Konteks teoretis arsitektur juga banyak ditemui di berbagai bidang lain, seperti
dalam teori seni, atau dalam konteks sastra. Hal ini membuat teori arsitektur bersifat
polivalen; ruang lingkupnya tidak dibatasi. Sisi lain dalam hal ini menyangkut tentang
sikap yang harus diambil terhadap isu-isu praktis, seperti konstruksi, material, efisiensi, dan
lain sebagainya, mengenai sejauh apa mereka dibawa ke dalam rangka kerja buku seperti
ini, dan seberapa penting aspek-aspek ini bagi teori-teori yang bersangkutan.
Mayoritas program-program yang berisi teori arsitektur mengombinasikan aspekaspek estetika, sosial, dan praktis sebagai satu kesatuan. Penekanan pada salah satunya
akan kemudian mengembangkan hal lain. Contohnya jika penekanan terjadi pada aspek
teoretis akan lebih condong ke bidang kritik, atau jika lebih banyak menyingkap masalah
teknis, format luaran akan lebih seperti handbook yang biasanya dipenuhi oleh kompilasi
ilustrasi teknis berbagai macam bangunan.

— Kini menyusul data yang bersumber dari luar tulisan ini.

(* Let $\mathfrak{X}=\mathbb{Z}\times\mathbb{Z}_{\geq 1}$ and consider, for each time $t\ge 0$, a random subset $X_t\subset\mathfrak{X}$ (a point process) with the following properties. (i) For each $n\ge1$ the number of points of $X_t$ on the level $\mathbb{Z}\times\{n\}$ is a deterministic finite number $m_n$, independent of $t$, with $m_n\le m_{n+1}\le m_n+1$; put $\delta_n=m_{n+1}-m_n\in\{0,1\}$. (ii) Almost surely $X_t$ is interlacing: writing $x_1^{(n)}>\dots>x_{m_n}^{(n)}$ for the first coordinates of the points on level $n$, one has $x_{k+1}^{(n+1)}<x_k^{(n)}\le x_k^{(n+1)}$ if $\delta_n=0$, and $x_{k+1}^{(n+1)}\le x_k^{(n)}< x_k^{(n+1)}$ if $\delta_n=1$, for all meaningful $k$. (iii) The process is determinantal with kernel $K(x,n,x',n',t)$: for distinct $(x_1,n_1),\dots,(x_k,n_k)\in\mathfrak{X}$, $\mathbb{P}(\text{there is a point of }X_t\text{ at each }(x_j,n_j))=\det[K(x_i,n_i,x_j,n_j,t)]_{i,j=1}^k$. Let $\tilde K(x,n,x',n',t)=\frac{\mathcal{C}(x,n)}{\mathcal{C}(x',n')}K(x,n,x',n',t)$ for some nowhere-vanishing function $\mathcal{C}$ on $\mathfrak{X}$, and suppose there is an integer $L$ such that for every $t\ge 0$: (C1) for all $(x,n),(x',n')\in\mathfrak{X}$ with $x,x'\ge L$: $\tilde K(x,n,x',n',t)+\tilde K(x,n,x'-1+\delta_{n'},n'+1,t)+\tilde K(x,n,x'+\delta_{n'},n'+1,t)$ equals $1$ if $(x,n)=(x',n')$ and $0$ otherwise; (C2) for all $(x,n),(x',n')\in\mathfrak{X}$ with $n\ge2$ and $x,x'\ge L$: $\tilde K(x,n,x',n',t)+\tilde K(x+1-\delta_{n-1},n-1,x',n',t)+\tilde K(x-\delta_{n-1},n-1,x',n',t)$ equals $1$ if $(x,n)=(x',n')$ and $0$ otherwise; (C3) for all $n,n',n''$ and all $x',x''>L$: $\tilde K(x,n,x',n',t)\,\tilde K(x'',n'',x-1+\delta_n,n+1,t)\to0$ as $x\to\infty$; (C4) for all $n,n',n''$ and all $x',x''>L$: $\tilde K(x,n,x',n',t)\,\tilde K(x'',n'',x+\delta_n,n+1,t)\to0$ as $x\to\infty$; (C5) $\tilde K(x,n,x-1+\delta_n,n+1,t)\to 0$ as $x\to\infty$; (C6) $\tilde K(x,n,x+\delta_n,n+1,t)\to 1$ as $x\to\infty$. Then for every $t\ge0$ and every non-overlapping sequence $(x_1,n_1,x_1',n_1'),\dots,(x_k,n_k,x_k',n_k')$ of viable elements of $\mathfrak{X}\times\mathfrak{X}$ with $x_1,x_1',\dots,x_k,x_k'>L$, \[ \mathbb{P}\big(\text{the lozenge }(x_j,n_j,x_j',n_j')\text{ is present at time }t\text{ for each }j=1,\dots,k\big)=\det[\tilde K(x_i,n_i,x_j',n_j',t)]_{1\le i,j\le k}. \]
   Context: Lozenges: an element $(x,n,x',n')\in\mathfrak{X}\times\mathfrak{X}$ is called viable if $(x',n')$ is one of $(x,n)$ (type I), $(x-1+\delta_n,n+1)$ (type II), or $(x+\delta_n,n+1)$ (type III); one thinks of $(x,n)$ as a black triangle and $(x',n')$ as a white triangle of a hexagonal lattice, the lozenge being their union. A sequence of viable elements $(x_j,n_j,x_j',n_j')$ is non-overlapping if the points $(x_j,n_j)$ are pairwise distinct and the points $(x_j',n_j')$ are pairwise distinct (a coincidence $(x_i,n_i)=(x_j',n_j')$ is allowed). An interlacing configuration $X$ determines the lozenge tiling as follows: for $(x,n)\in X$ the type I lozenge $(x,n,x,n)$ is present (type I lozenges are exactly the particles); for $(x,n)\notin X$, the type II lozenge $(x,n,x-1+\delta_n,n+1)$ is present if there is $k\in\{1,\dots,m_{n+1}\}$ with $x_k^{(n)}<x\le x_k^{(n+1)}-\delta_n$ (with the convention $x^{(n)}_{m_n+1}=-\infty$ when $\delta_n=1$), and otherwise the type III lozenge $(x,n,x+\delta_n,n+1)$ is present. A lozenge is "present at time $t$" if it belongs to the tiling determined by $X_t$. *)

theory Defs
  imports "HOL-Probability.Probability" "Jordan_Normal_Form.Determinant"
begin

definition Xfrak :: "(int \<times> nat) set" where
  "Xfrak = {(x, n). n \<ge> 1}"

definition delta :: "(nat \<Rightarrow> nat) \<Rightarrow> nat \<Rightarrow> int" where
  "delta m n = int (m (Suc n)) - int (m n)"

definition level :: "(int \<times> nat) set \<Rightarrow> nat \<Rightarrow> int set" where
  "level S n = {x. (x, n) \<in> S}"

definition xk :: "(int \<times> nat) set \<Rightarrow> nat \<Rightarrow> nat \<Rightarrow> int" where
  "xk S n k = rev (sorted_list_of_set (level S n)) ! (k - 1)"

definition interlacing :: "(nat \<Rightarrow> nat) \<Rightarrow> (int \<times> nat) set \<Rightarrow> bool" where
  "interlacing m S \<longleftrightarrow>
     (\<forall>n\<ge>1. \<forall>k. 1 \<le> k \<and> k \<le> m n \<longrightarrow>
        (if delta m n = 0 then
           (k \<le> m (Suc n) \<longrightarrow> xk S n k \<le> xk S (Suc n) k) \<and>
           (k + 1 \<le> m (Suc n) \<longrightarrow> xk S (Suc n) (k + 1) < xk S n k)
         else
           (k \<le> m (Suc n) \<longrightarrow> xk S n k < xk S (Suc n) k) \<and>
           (k + 1 \<le> m (Suc n) \<longrightarrow> xk S (Suc n) (k + 1) \<le> xk S n k)))"

definition viable :: "(nat \<Rightarrow> nat) \<Rightarrow> int \<times> nat \<times> int \<times> nat \<Rightarrow> bool" where
  "viable m l = (case l of (x, n, x', n') \<Rightarrow>
     n \<ge> 1 \<and> n' \<ge> 1 \<and>
     ((x', n') = (x, n) \<or> (x', n') = (x - 1 + delta m n, Suc n) \<or> (x', n') = (x + delta m n, Suc n)))"

text \<open>Condition for the type II lozenge at (x,n) (when (x,n) is not a particle):
  exists k in {1..m_{n+1}} with x_k^{(n)} < x <= x_k^{(n+1)} - delta_n, where
  x^{(n)}_{m_n+1} = -infinity (only reachable when delta_n = 1).\<close>
definition typeII_cond :: "(nat \<Rightarrow> nat) \<Rightarrow> (int \<times> nat) set \<Rightarrow> int \<Rightarrow> nat \<Rightarrow> bool" where
  "typeII_cond m S x n \<longleftrightarrow>
     (\<exists>k. 1 \<le> k \<and> k \<le> m (Suc n) \<and> (k \<le> m n \<longrightarrow> xk S n k < x) \<and>
          x \<le> xk S (Suc n) k - delta m n)"

definition lozenge_present :: "(nat \<Rightarrow> nat) \<Rightarrow> (int \<times> nat) set \<Rightarrow> int \<times> nat \<times> int \<times> nat \<Rightarrow> bool" where
  "lozenge_present m S l = (case l of (x, n, x', n') \<Rightarrow>
     (if (x', n') = (x, n) then (x, n) \<in> S
      else if (x', n') = (x - 1 + delta m n, Suc n) then (x, n) \<notin> S \<and> typeII_cond m S x n
      else if (x', n') = (x + delta m n, Suc n) then (x, n) \<notin> S \<and> \<not> typeII_cond m S x n
      else False))"

definition Ktilde :: "(int \<times> nat \<Rightarrow> real) \<Rightarrow> (int \<Rightarrow> nat \<Rightarrow> int \<Rightarrow> nat \<Rightarrow> real \<Rightarrow> real)
    \<Rightarrow> int \<Rightarrow> nat \<Rightarrow> int \<Rightarrow> nat \<Rightarrow> real \<Rightarrow> real" where
  "Ktilde C K x n x' n' t = C (x, n) / C (x', n') * K x n x' n' t"

end

theory Submission
  imports Defs
begin

(* Both sides of the identity are functions F of a finite list of lozenges satisfying the same
   relations: F vanishes if two lozenges share a triangle; summing F over the three lozenges that
   can cover a fixed black (or white) triangle amounts to dropping that triangle; and F is continuous
   as a type III lozenge moves off to the right. For probabilities this is the partition of the
   triangles by the tiling, together with the finiteness of each level; for the determinant it is
   Laplace expansion combined with (C1), (C2), (C4) and (C6). These relations determine F from its
   values on lists of type I lozenges, where both sides are the correlation functions (conjugating
   by C does not change determinants). The induction is on the number of lozenges not of type I:
   the black relation trades a type II lozenge for type I and III ones, and a type III lozenge can
   be pushed to the right, without changing F, until F is its limit. *)

lemma sorted_wrt_greater_nth_le_iff:
  fixes l :: "'a::linorder list"
  assumes "sorted_wrt (>) l" "i < length l" "j < length l"
  shows "l ! i \<le> l ! j \<longleftrightarrow> j \<le> i"
  using sorted_wrt_nth_less[OF assms(1), of i j] sorted_wrt_nth_less[OF assms(1), of j i] assms(2,3)
  by (cases i j rule: linorder_cases) auto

Aspek praktis ini juga memungkinkan adanya topik-topik individual. Contohnya
bagian-bagian individu sebuah vila, untuk didiskusikan secara terpisah. Namun, hal ini
rawan akan terjadinya pengabaian konteks teoretis. Selain itu, seseorang juga rentan
untuk salah menginterpretasikan pendiskusian parsial ini sebagai sebuah keseluruhan.

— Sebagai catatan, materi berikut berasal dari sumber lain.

(* Let $f$ be a nonzero polynomial and write its multiset of reproducible zeros as $$R(f)=\{\underbrace{\beta_1,\dots,\beta_1}_{r_1},\underbrace{\beta_2,\dots,\beta_2}_{r_2},\dots,\underbrace{\beta_n,\dots,\beta_n}_{r_n}\}$$ with $\beta_1,\dots,\beta_n$ distinct. Then $$[f]=\Big[\prod_{\beta\in R(f)}(z-\beta)\Big]=\Big(\operatorname{span}\big\{k_{\beta_j}^{(\ell)}:0\le\ell\le r_j-1,\ 1\le j\le n\big\}\Big)^{\perp},$$ where the product is taken over $R(f)$ with multiplicity (and equals $1$ if $R(f)$ is empty).
   Context: Standing assumptions: $\Omega\subset\mathbb C$ is a domain with $0\in\Omega$, $\mathcal H$ is a Hilbert space of analytic functions on $\Omega$ with bounded point evaluations at points of $\Omega$, the shift $(Sf)(z)=zf(z)$ is bounded on $\mathcal H$, and the polynomials $\mathcal P$ are dense in $\mathcal H$. For $g\in\mathcal H$, $[g]$ is the closure in $\mathcal H$ of $\operatorname{span}\{z^kg:k\ge0\}$. A point $\beta\in\mathbb C$ is reproducible of order $m\ge0$ if $p\mapsto p^{(m)}(\beta)$ on $\mathcal P$ extends to a bounded linear functional on $\mathcal H$; $k_\beta^{(m)}\in\mathcal H$ is the element representing this extension, $\langle g,k_\beta^{(m)}\rangle=g^{(m)}(\beta)$. $\beta$ is a reproducible point if reproducible of order $0$; reproducibility of order $m$ implies that of all orders $j\le m$; $\operatorname{ro}(\beta)\in\{0,1,\dots\}\cup\{\infty\}$ is the supremum of orders of reproducibility. For a nonzero polynomial $p$, $R(p)$ is the multiset of reproducible zeros: each reproducible point $\beta$ at which $p$ has a zero of order $m\ge1$ is listed $\min\{m,\operatorname{ro}(\beta)+1\}$ times; non-reproducible zeros are omitted. *)

theory Defs
  imports "HOL-Analysis.Analysis" "HOL-Computational_Algebra.Polynomial"
          "HOL-Library.Multiset" "HOL-Library.Extended_Nat"
begin

text \<open>Elements of the Hilbert space are functions complex => complex that are
  holomorphic on Omega and vanish outside Omega (so that each analytic function on
  Omega has a unique representative).\<close>

definition restr :: "complex set \<Rightarrow> (complex \<Rightarrow> complex) \<Rightarrow> complex \<Rightarrow> complex" where
  "restr \<Omega> g = (\<lambda>z. if z \<in> \<Omega> then g z else 0)"

definition hnorm :: "((complex \<Rightarrow> complex) \<Rightarrow> (complex \<Rightarrow> complex) \<Rightarrow> complex)
    \<Rightarrow> (complex \<Rightarrow> complex) \<Rightarrow> real" where
  "hnorm ip g = sqrt (Re (ip g g))"

definition hdist :: "((complex \<Rightarrow> complex) \<Rightarrow> (complex \<Rightarrow> complex) \<Rightarrow> complex)
    \<Rightarrow> (complex \<Rightarrow> complex) \<Rightarrow> (complex \<Rightarrow> complex) \<Rightarrow> real" where
  "hdist ip g h = hnorm ip (\<lambda>z. g z - h z)"

definition AHS :: "complex set \<Rightarrow> (complex \<Rightarrow> complex) set
    \<Rightarrow> ((complex \<Rightarrow> complex) \<Rightarrow> (complex \<Rightarrow> complex) \<Rightarrow> complex) \<Rightarrow> bool" where
  "AHS \<Omega> H ip \<longleftrightarrow>
     open \<Omega> \<and> connected \<Omega> \<and> 0 \<in> \<Omega> \<and>
     (\<forall>g\<in>H. g holomorphic_on \<Omega> \<and> (\<forall>z. z \<notin> \<Omega> \<longrightarrow> g z = 0)) \<and>
     (\<lambda>z. 0) \<in> H \<and>
     (\<forall>g\<in>H. \<forall>h\<in>H. (\<lambda>z. g z + h z) \<in> H) \<and>
     (\<forall>g\<in>H. \<forall>c. (\<lambda>z. c * g z) \<in> H) \<and>
     (\<forall>g\<in>H. \<forall>h\<in>H. \<forall>k\<in>H. ip (\<lambda>z. g z + h z) k = ip g k + ip h k) \<and>
     (\<forall>g\<in>H. \<forall>k\<in>H. \<forall>c. ip (\<lambda>z. c * g z) k = c * ip g k) \<and>
     (\<forall>g\<in>H. \<forall>k\<in>H. ip k g = cnj (ip g k)) \<and>
     (\<forall>g\<in>H. 0 \<le> Re (ip g g)) \<and>
     (\<forall>g\<in>H. ip g g = 0 \<longrightarrow> g = (\<lambda>z. 0)) \<and>
     \<comment> \<open>completeness\<close>
     (\<forall>s. (\<forall>n. s n \<in> H) \<longrightarrow>
          (\<forall>e>0. \<exists>N. \<forall>m\<ge>N. \<forall>n\<ge>N. hdist ip (s m) (s n) < e) \<longrightarrow>
          (\<exists>g\<in>H. (\<lambda>n. hdist ip (s n) g) \<longlonglongrightarrow> 0)) \<and>
     \<comment> \<open>bounded point evaluations at points of Omega\<close>
     (\<forall>w\<in>\<Omega>. \<exists>C. \<forall>g\<in>H. cmod (g w) \<le> C * hnorm ip g) \<and>
     \<comment> \<open>bounded shift\<close>
     (\<forall>g\<in>H. (\<lambda>z. z * g z) \<in> H) \<and>
     (\<exists>C. \<forall>g\<in>H. hnorm ip (\<lambda>z. z * g z) \<le> C * hnorm ip g) \<and>
     \<comment> \<open>polynomials belong to H and are dense\<close>
     (\<forall>p. restr \<Omega> (poly p) \<in> H) \<and>
     (\<forall>g\<in>H. \<forall>e>0. \<exists>p. hdist ip g (restr \<Omega> (poly p)) < e)"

Teori arsitektur, menurut penulis, terdiri dari sistem tertulis arsitektur apapun, baik
secara keseluruhan ataupun parsial, yang berdasarkan pada kategori estetika. Definisi ini
masih berlaku bahkan jika aspek estetika ini direduksi menjadi aspek fungsional. Definisi ini
juga dapat bersifat lebih terbuka, dengan tidak memberi batasan yang terlalu tegas
antara teori estetik dan teori artistik di satu sisi, serta aspek teknologi di sisi lain. Selain itu,
terdapat pula hubungan yang erat antara teori arsitektur dan bidang sejarah lainnya,
khususnya arkeologi, sejarah arsitektur, dan sejarah seni. Menariknya, hal ini juga terjadi
pada area yang bertumpuk antara dunia utopia politik dan sosial, dimana pemikiranpemikiran mengenai masyarakat dapat diekspresikan dalam bentuk pemikiran tentang
arsitektur.

Untuk mengapresiasi bagaimana para arsitek memandang tugas mereka, penting


bagi kita untuk mengerti fondasi teoretis yang berlaku pada masa tersebut dan
evolusinya. Teori arsitektur merupakan konteks historis yang kausatif. Sistem-sistem baru
selalu bermunculan dari sistem-sistem lama; tak ada yang namanya sistem baru. Maka
dari itu, teori arsitektur selalu berkaitan dengan sejarah. Hal-hal yang ada pada masa kini
selalu merupakan perwakilan dari sebuah fase dalam proses sejarah.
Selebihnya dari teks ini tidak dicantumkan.